Another fatal defect in this defense on the ground of forfeiture for the nonpayment of a death assessment within the required time is the failure to prove that the defaulting member had notice that it was due. Proof of notice is essential to sustain such a defense: Bac. Ben. Soc., § 379; Supreme Lodge vs. Johnson, 78 Ind., 110; Aid Soc. vs. Helburn, 85 Ky., 1. The form of notice and the manner of giving it may be determined by the rules of the society, but some form of notice must be given, or there can be no default. The constitution and laws of the supreme assembly recognize this right to a notice of each assessment; and section 2 of law 3 provides that

Each subordinate assembly may, at its option, provide for notification of its members of the assessment calls, which may be by written or printed notice, or by a newspaper containing the supreme secretary's notice, and may be mailed or personally delivered to the members of the assembly.

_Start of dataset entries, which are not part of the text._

lemma corr_basis_op_diagonal:
  assumes S: "finite S"
    and diag: "\<forall>i<m^2. \<forall>j<m^2. tr2 m (A i) (B j) \<psi> = (if i = j then complex_of_real (c i) else 0)"
    and st: "\<sigma> \<in> tuples S (m^2)" "\<tau> \<in> tuples S (m^2)"
  shows "corr m S (basis_op A S \<sigma>) (basis_op B S \<tau>) \<psi>
       = (if \<sigma> = \<tau> then complex_of_real (\<Prod>i\<in>S. c (\<sigma> i)) else 0)"
proof -
  have "corr m S (basis_op A S \<sigma>) (basis_op B S \<tau>) \<psi>
      = (\<Prod>i\<in>S. if \<sigma> i = \<tau> i then complex_of_real (c (\<sigma> i)) else 0)"
    unfolding corr_basis_op[OF S] using diag tuples_less[OF st(1)] tuples_less[OF st(2)]
    by (intro prod.cong refl) auto
  then show ?thesis
    using st by (simp add: prod_if_all[OF S] tuples_eq_iff)
qed

lemma corr_basis_expansions:
  assumes S: "finite S" and J: "finite J"
    and diag: "\<forall>i<m^2. \<forall>j<m^2. tr2 m (A i) (B j) \<psi> = (if i = j then complex_of_real (c i) else 0)"
    and \<phi>: "\<And>j. j \<in> J \<Longrightarrow> \<phi> j \<in> tuples S (m^2)" and inj: "inj_on \<phi> J"
  shows "corr m S (\<lambda>x y. \<Sum>j\<in>J. f j * basis_op A S (\<phi> j) x y)
                  (\<lambda>x y. \<Sum>k\<in>J. g k * basis_op B S (\<phi> k) x y) \<psi>
       = (\<Sum>j\<in>J. f j * g j * complex_of_real (\<Prod>i\<in>S. c (\<phi> j i)))"
proof -
  have "corr m S (\<lambda>x y. \<Sum>j\<in>J. f j * basis_op A S (\<phi> j) x y)
                 (\<lambda>x y. \<Sum>k\<in>J. g k * basis_op B S (\<phi> k) x y) \<psi>
      = (\<Sum>j\<in>J. f j * (\<Sum>k\<in>J. g k * corr m S (basis_op A S (\<phi> j)) (basis_op B S (\<phi> k)) \<psi>))"
    by (simp add: corr_sum_left[OF J] corr_sum_right[OF J])
  also have "\<dots> = (\<Sum>j\<in>J. f j * (\<Sum>k\<in>J. if j = k then g j * complex_of_real (\<Prod>i\<in>S. c (\<phi> j i)) else 0))"
    using corr_basis_op_diagonal[OF S diag \<phi> \<phi>] inj_on_eq_iff[OF inj]
    by (intro sum.cong refl arg_cong2[where f="(*)"]) auto
  also have "\<dots> = (\<Sum>j\<in>J. f j * g j * complex_of_real (\<Prod>i\<in>S. c (\<phi> j i)))"
    using J by (simp add: mult.assoc)
  finally show ?thesis .
qed

lemma corr_fourier:
  assumes S: "finite S" and onb: "std_onb m A" "std_onb m B" and m: "m > 0"
    and diag: "\<forall>i<m^2. \<forall>j<m^2. tr2 m (A i) (B j) \<psi> = (if i = j then complex_of_real (c i) else 0)"
  shows "corr m S P Q \<psi> = (\<Sum>\<tau>\<in>tuples S (m^2).
      fcoeff m A S P \<tau> * fcoeff m B S Q \<tau> * complex_of_real (\<Prod>i\<in>S. c (\<tau> i)))"
proof -
  have "corr m S P Q \<psi> = corr m S
      (\<lambda>x y. \<Sum>\<tau>\<in>tuples S (m^2). fcoeff m A S P \<tau> * basis_op A S (id \<tau>) x y)
      (\<lambda>x y. \<Sum>\<tau>\<in>tuples S (m^2). fcoeff m B S Q \<tau> * basis_op B S (id \<tau>) x y) \<psi>"
    using fourier_expansion[OF S onb(1) m] fourier_expansion[OF S onb(2) m]
    by (intro corr_cong) auto
  also have "\<dots> = (\<Sum>\<tau>\<in>tuples S (m^2).
      fcoeff m A S P \<tau> * fcoeff m B S Q \<tau> * complex_of_real (\<Prod>i\<in>S. c (id \<tau> i)))"
    using S by (intro corr_basis_expansions[OF S _ diag]) auto
  finally show ?thesis by simp
qed

lemma inj_on_restrict_complement:
  "inj_on (\<lambda>\<tau>. restrict \<tau> (N - H)) {\<tau>\<in>tuples N k. restrict \<tau> H = \<sigma>}"
proof (rule inj_onI)
  fix \<tau> \<tau>'
  assume "\<tau> \<in> {\<tau>\<in>tuples N k. restrict \<tau> H = \<sigma>}" "\<tau>' \<in> {\<tau>\<in>tuples N k. restrict \<tau> H = \<sigma>}"
    and eq: "restrict \<tau> (N - H) = restrict \<tau>' (N - H)"
  then have "restrict \<tau> H = restrict \<tau>' H" "\<tau> \<in> extensional N" "\<tau>' \<in> extensional N"
    by (auto simp: tuples_def PiE_def)
  with eq show "\<tau> = \<tau>'"
    by (intro ext) (metis Diff_iff extensional_arb restrict_apply')
qed

lemma corr_part_op:
  assumes H: "H \<subseteq> {..<n}"
    and diag: "\<forall>i<m^2. \<forall>j<m^2. tr2 m (A i) (B j) \<psi> = (if i = j then complex_of_real (c i) else 0)"
  shows "complex_of_real (\<Prod>i\<in>H. c (\<sigma> i)) *
      corr m ({..<n} - H) (part_op m A n H P \<sigma>) (part_op m B n H Q \<sigma>) \<psi>
    = (\<Sum>\<tau>\<in>{\<tau>\<in>tuples {..<n} (m^2). restrict \<tau> H = \<sigma>}.
      fcoeff m A {..<n} P \<tau> * fcoeff m B {..<n} Q \<tau> * complex_of_real (\<Prod>i<n. c (\<tau> i)))"
proof -
  let ?J = "{\<tau>\<in>tuples {..<n} (m^2). restrict \<tau> H = \<sigma>}"
  have "corr m ({..<n} - H) (part_op m A n H P \<sigma>) (part_op m B n H Q \<sigma>) \<psi>
      = (\<Sum>\<tau>\<in>?J. fcoeff m A {..<n} P \<tau> * fcoeff m B {..<n} Q \<tau>
                   * complex_of_real (\<Prod>i\<in>{..<n} - H. c (restrict \<tau> ({..<n} - H) i)))"
    unfolding part_op_def
    by (rule corr_basis_expansions[OF _ _ diag _ inj_on_restrict_complement])
       (auto intro: restrict_in_tuples)
  also have "\<dots> = (\<Sum>\<tau>\<in>?J. fcoeff m A {..<n} P \<tau> * fcoeff m B {..<n} Q \<tau>
                   * complex_of_real (\<Prod>i\<in>{..<n} - H. c (\<tau> i)))"
    by (intro sum.cong refl arg_cong2[where f="(*)"] arg_cong[where f=complex_of_real] prod.cong) auto
  finally have corr: "corr m ({..<n} - H) (part_op m A n H P \<sigma>) (part_op m B n H Q \<sigma>) \<psi> = \<dots>" .
  have split: "complex_of_real (\<Prod>i\<in>H. c (\<sigma> i)) * complex_of_real (\<Prod>i\<in>{..<n} - H. c (\<tau> i))
      = complex_of_real (\<Prod>i<n. c (\<tau> i))" if "\<tau> \<in> ?J" for \<tau>
  proof -
    have "(\<Prod>i\<in>H. c (\<sigma> i)) = (\<Prod>i\<in>H. c (\<tau> i))"
      using that by (auto intro!: prod.cong)
    then show ?thesis
      using prod.subset_diff[OF H, of "\<lambda>i. c (\<tau> i)"] by (simp only: mult.commute flip: of_real_mult) simp
  qed
  show ?thesis
    unfolding corr sum_distrib_left
    by (intro sum.cong refl) (subst split[symmetric], assumption, simp only: mult_ac)
qed

lemma corr_split_registers:
  assumes H: "H \<subseteq> {..<n}" and onb: "std_onb m A" "std_onb m B" and m: "m > 0"
    and diag: "\<forall>i<m^2. \<forall>j<m^2. tr2 m (A i) (B j) \<psi> = (if i = j then complex_of_real (c i) else 0)"
  shows "corr m {..<n} P Q \<psi> =
      (\<Sum>\<sigma>\<in>tuples H (m^2). complex_of_real (\<Prod>i\<in>H. c (\<sigma> i)) *
          corr m ({..<n} - H) (part_op m A n H P \<sigma>) (part_op m B n H Q \<sigma>) \<psi>)"
proof -
  let ?F = "\<lambda>\<tau>. fcoeff m A {..<n} P \<tau> * fcoeff m B {..<n} Q \<tau> * complex_of_real (\<Prod>i<n. c (\<tau> i))"
  have "(\<Sum>\<sigma>\<in>tuples H (m^2). complex_of_real (\<Prod>i\<in>H. c (\<sigma> i)) *
          corr m ({..<n} - H) (part_op m A n H P \<sigma>) (part_op m B n H Q \<sigma>) \<psi>)
      = (\<Sum>\<sigma>\<in>tuples H (m^2). \<Sum>\<tau>\<in>{\<tau>\<in>tuples {..<n} (m^2). restrict \<tau> H = \<sigma>}. ?F \<tau>)"
    by (intro sum.cong refl corr_part_op[OF H diag])
  also have "\<dots> = (\<Sum>\<tau>\<in>tuples {..<n} (m^2). ?F \<tau>)"
    using H finite_subset[OF H] by (intro sum.group) (auto intro: restrict_in_tuples)
  also have "\<dots> = corr m {..<n} P Q \<psi>"
    by (simp add: corr_fourier[OF _ onb m diag])
  finally show ?thesis ..
qed

theorem lemma7p4:
  fixes m n d :: nat and \<delta> \<epsilon> :: real and \<psi> :: state2 and P Q :: opr
    and A B :: "nat \<Rightarrow> mat1" and c :: "nat \<Rightarrow> real"
  assumes "0 \<le> \<delta>" "\<delta> < 1" "0 \<le> \<epsilon>" "\<epsilon> < 1" "n > 0" "m > 1"
    and "noisy_mes m \<psi>"
    and "herm_op m {..<n} P" "herm_op m {..<n} Q"
    and "norm2sq m {..<n} P \<le> 1" "norm2sq m {..<n} Q \<le> 1"
    and "norm2sq m {..<n} (high_part m A {..<n} d P) \<le> \<delta>"
    and "norm2sq m {..<n} (high_part m B {..<n} d Q) \<le> \<delta>"
    and "std_onb m A" "std_onb m B"
    and "\<forall>i<m^2. \<forall>j<m^2. tr2 m (A i) (B j) \<psi> = (if i = j then complex_of_real (c i) else 0)"
    and "\<forall>i j. i \<le> j \<longrightarrow> j < m^2 \<longrightarrow> c j \<le> c i"
    and "\<forall>i<m^2. 0 \<le> c i"
  shows "\<exists>H \<subseteq> {..<n}. \<epsilon> * real (card H) \<le> 2 * real d \<and>
    (\<forall>i\<in>{..<n} - H. influence m A {..<n} (low_part m A {..<n} d P) i \<le> \<epsilon> \<and>
                     influence m B {..<n} (low_part m B {..<n} d Q) i \<le> \<epsilon>) \<and>
    corr m {..<n} P Q \<psi> =
      (\<Sum>\<sigma>\<in>tuples H (m^2). complex_of_real (\<Prod>i\<in>H. c (\<sigma> i)) *
          corr m ({..<n} - H) (part_op m A n H P \<sigma>) (part_op m B n H Q \<sigma>) \<psi>)"
proof -
  have m: "m > 0" using \<open>m > 1\<close> by simp
  let ?IA = "influential_registers m A {..<n} d \<epsilon> P"
  let ?IB = "influential_registers m B {..<n} d \<epsilon> Q"
  have "\<epsilon> * real (card (?IA \<union> ?IB)) \<le> \<epsilon> * real (card ?IA) + \<epsilon> * real (card ?IB)"
    using \<open>0 \<le> \<epsilon>\<close> card_Un_le by (metis distrib_left mult_left_mono of_nat_add of_nat_le_iff)
  also have "\<dots> \<le> 2 * real d"
    using card_influential_registers_le[OF _ assms(14) m assms(10), of \<epsilon> d]
      card_influential_registers_le[OF _ assms(15) m assms(11), of \<epsilon> d] by simp
  finally have "\<epsilon> * real (card (?IA \<union> ?IB)) \<le> 2 * real d" .
  moreover have "?IA \<union> ?IB \<subseteq> {..<n}"
    by (auto simp: influential_registers_def)
  ultimately show ?thesis
    using corr_split_registers[OF _ assms(14,15) m assms(16)]
    by (intro exI[of _ "?IA \<union> ?IB"]) (auto simp: influential_registers_def)
qed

But there is no evidence whatever that notice of this assessment, default in the payment of which is alleged, was ever given to McDonald, either in writing or by printed notice, or that a newspaper containing the supreme secretary's notice was either mailed or personally delivered to him. There is no allegation of default by McDonald in the payment in due time of any other assessment than the one in question during the almost seven years of his membership in this society, and at the time of his death he continued to hold the benefit certificate originally issued to him by the supreme assembly. In Tobin vs. Aid Soc. (72 Iowa, 261), the court held that "in an action upon a certificate of membership in a mutual aid society, where the society sought to avoid liability on the ground that the member failed to pay an assessment stipulated in the contract, the society had the burden to establish such failure, notwithstanding the plaintiff in general terms had alleged compliance with the contract." The same rule is also stated in Hodsdon vs. Insurance Co., 97 Mass., 144.

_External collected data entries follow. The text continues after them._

(* Under the hypotheses of the average consensus error bound (SGP with Assumptions (1)–(4), the almost-sure bound $\|\bar{x}^{(t)}-z_i^{(t)}\|\le Cq^tX_0+\eta C\sum_{s=0}^tq^{t-s}\max_j\|g_j(z_j^{(s)};\xi_j^{(s)})\|$ for all $t\ge0$ and $i$ with $X_0=\max_m\|x_m^{(0)}\|$, and $P:=1-\frac{9\eta^2C^2L^2n}{(1-q)^2}>0$), assume moreover $0<\eta\le1/L$ and that for a given $T\ge1$ the cumulative inequality $$\frac{\eta}{2}\sum_{t=0}^{T-1}\mathbb{E}\|\nabla f(\bar{x}^{(t)})\|^2+\frac{\eta-L\eta^2}{2}\sum_{t=0}^{T-1}\mathbb{E}\Big\|\frac1n\sum_{i=1}^n\nabla f_i(z_i^{(t)})\Big\|^2\le f(\bar{x}^{(0)})-f^*+\frac{L\eta^2\sigma^2}{2n}T+\frac{\eta L^2}{2}\sum_{t=0}^{T-1}M^{(t)}$$ holds, where $M^{(t)}=\frac1n\sum_i\mathbb{E}\|\bar{x}^{(t)}-z_i^{(t)}\|^2$. Then $$\Big(1-\frac{9\eta^2L^2C^2}{P(1-q)^2}\Big)\sum_{t=0}^{T-1}\mathbb{E}\|\nabla f(\bar{x}^{(t)})\|^2\le\frac{2(f(\bar{x}^{(0)})-f^* )}{\eta}+\frac{L\eta\sigma^2T}{n}+\frac{3L^2C^2X_0^2}{P(1-q)^2}+\frac{3\eta^2L^2C^2n\sigma^2T}{P(1-q)^2}+\frac{9\eta^2L^2C^2n\zeta^2T}{P(1-q)^2}.$$
   Context: Setting (SGP). Nodes $V=\{1,\dots,n\}$, $n\ge2$, base topology $G=(V,E)$ bidirected with self-loops; local objectives $f_i$, $f=\frac1n\sum_i f_i$, $f^*$ the finite optimal value of $f$; stochastic gradients $g_i(x;\xi)$ with fresh independent minibatches. SGP with nonnegative column-stochastic mixing matrices $W^{(t)}$ ($W^{(t)}_{ij}\ne0$ only if $(j,i)\in E$): $x_i^{(t+1)}=\sum_j W^{(t)}_{ij}(x_j^{(t)}-\eta g_j(z_j^{(t)};\xi_j^{(t)}))$, $w_i^{(t+1)}=\sum_jW^{(t)}_{ij}w_j^{(t)}$, $w_i^{(0)}=1$, $z_i^{(t)}=x_i^{(t)}/w_i^{(t)}$, $\bar{x}^{(t)}=\frac1n\sum_ix_i^{(t)}$. $E^{(t)}=\{(j,i)\in E:W^{(t)}_{ij}\ne0\}$, $\delta=\min_t\min_{W^{(t)}_{ij}>0}W^{(t)}_{ij}$. Assumptions: (1) each $f_i$ is $L$-smooth; (2) $\mathbb{E}\|g_i(x;\xi)-\nabla f_i(x)\|^2\le\sigma^2$ for all $i,x$; (3) $\frac1n\sum_i\|\nabla f_i(x)-\nabla f(x)\|^2\le\zeta^2$ for all $x$; (4) positive integers $B,\Delta$ exist with $(V,\bigcup_{t=lB}^{(l+1)B-1}E^{(t)})$ strongly connected of diameter at most $\Delta$ for every $l\in\mathbb{N}$. Constants: $C=4/\delta^{\Delta B}$ and $q=(1-\delta^{\Delta B})^{1/(\Delta B)}\in(0,1)$. *)

theory Defs
  imports "HOL-Probability.Probability"
begin

text \<open>Average over the nodes 0..n-1 (nodes are indexed by 0..n-1 instead of 1..n).\<close>
definition avg :: "nat \<Rightarrow> (nat \<Rightarrow> 'a::real_vector) \<Rightarrow> 'a" where
  "avg n v = (1 / real n) *\<^sub>R (\<Sum>i<n. v i)"

definition strongly_connected_diam_le :: "nat \<Rightarrow> (nat \<times> nat) set \<Rightarrow> nat \<Rightarrow> bool" where
  "strongly_connected_diam_le n Es Delta \<longleftrightarrow>
     (\<forall>i<n. \<forall>j<n. \<exists>k\<le>Delta. (i, j) \<in> Es ^^ k)"

definition active_edges :: "(nat \<times> nat) set \<Rightarrow> (nat \<Rightarrow> nat \<Rightarrow> nat \<Rightarrow> real) \<Rightarrow> nat \<Rightarrow> (nat \<times> nat) set" where
  "active_edges Eg W t = {(j, i). (j, i) \<in> Eg \<and> W t i j \<noteq> 0}"

end

theory Submission
  imports Defs
begin

(* Squaring the almost-sure consensus bound with Young's inequality and a weighted Cauchy-Schwarz
   inequality, and summing the geometric convolution over t, bounds the total consensus error by
   3 C^2 X0^2 / (1 - q)^2 plus (3/2) eta^2 C^2 / (1 - q)^2 times the sum of the squared largest
   stochastic gradients. Each stochastic gradient splits into its noise, a Lipschitz term controlled
   by the consensus error, the heterogeneity and the gradient of f at the average. As z_j^(s) only
   depends on earlier minibatches, independence bounds the second moment of the noise by sigma^2.
   In expectation this is a linear inequality for the total consensus error, which P > 0 lets us
   solve; substituting the solution into the cumulative descent inequality gives the claim. *)

lemma power2_add_le_weighted:
  fixes a b e :: real
  assumes "0 < e"
  shows "(a + b)\<^sup>2 \<le> (1 + e) * a\<^sup>2 + (1 + 1 / e) * b\<^sup>2"
proof -
  have "(1 + e) * a\<^sup>2 + (1 + 1 / e) * b\<^sup>2 - (a + b)\<^sup>2 = (e * a - b)\<^sup>2 / e"
    using assms by (simp add: field_simps power2_eq_square)
  moreover have "0 \<le> (e * a - b)\<^sup>2 / e"
    using assms by simp
  ultimately show ?thesis by linarith
qed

There was no error in directing the jury that the defense that McDonald was not in good standing at the time of his death was not made out, and that the contention was not supported by any evidence, and that they need not give the matter any consideration. Having reached this conclusion, it is not necessary to review the remaining assignments of error, for they are only the corollaries of the one last considered, and must fall with it. We find no error in the record, and the judgment should be affirmed.

SUPREME COURT OF OREGON.

BAKER

V8.

STATE INS. CO.*

The property was described in the complaint as lots 27 and 28, block 8, in Harlington addition to Mt. Tabor. There was no such place, but according to the proof they were as numbered in Harlem addition to East Portland.

Held, That the variance was not fatal.

The insured held possession under a contract for a deed which had been fully performed up to date.

Held, That the insured was the sole owner, and the title was in her name within the meaning of the policy.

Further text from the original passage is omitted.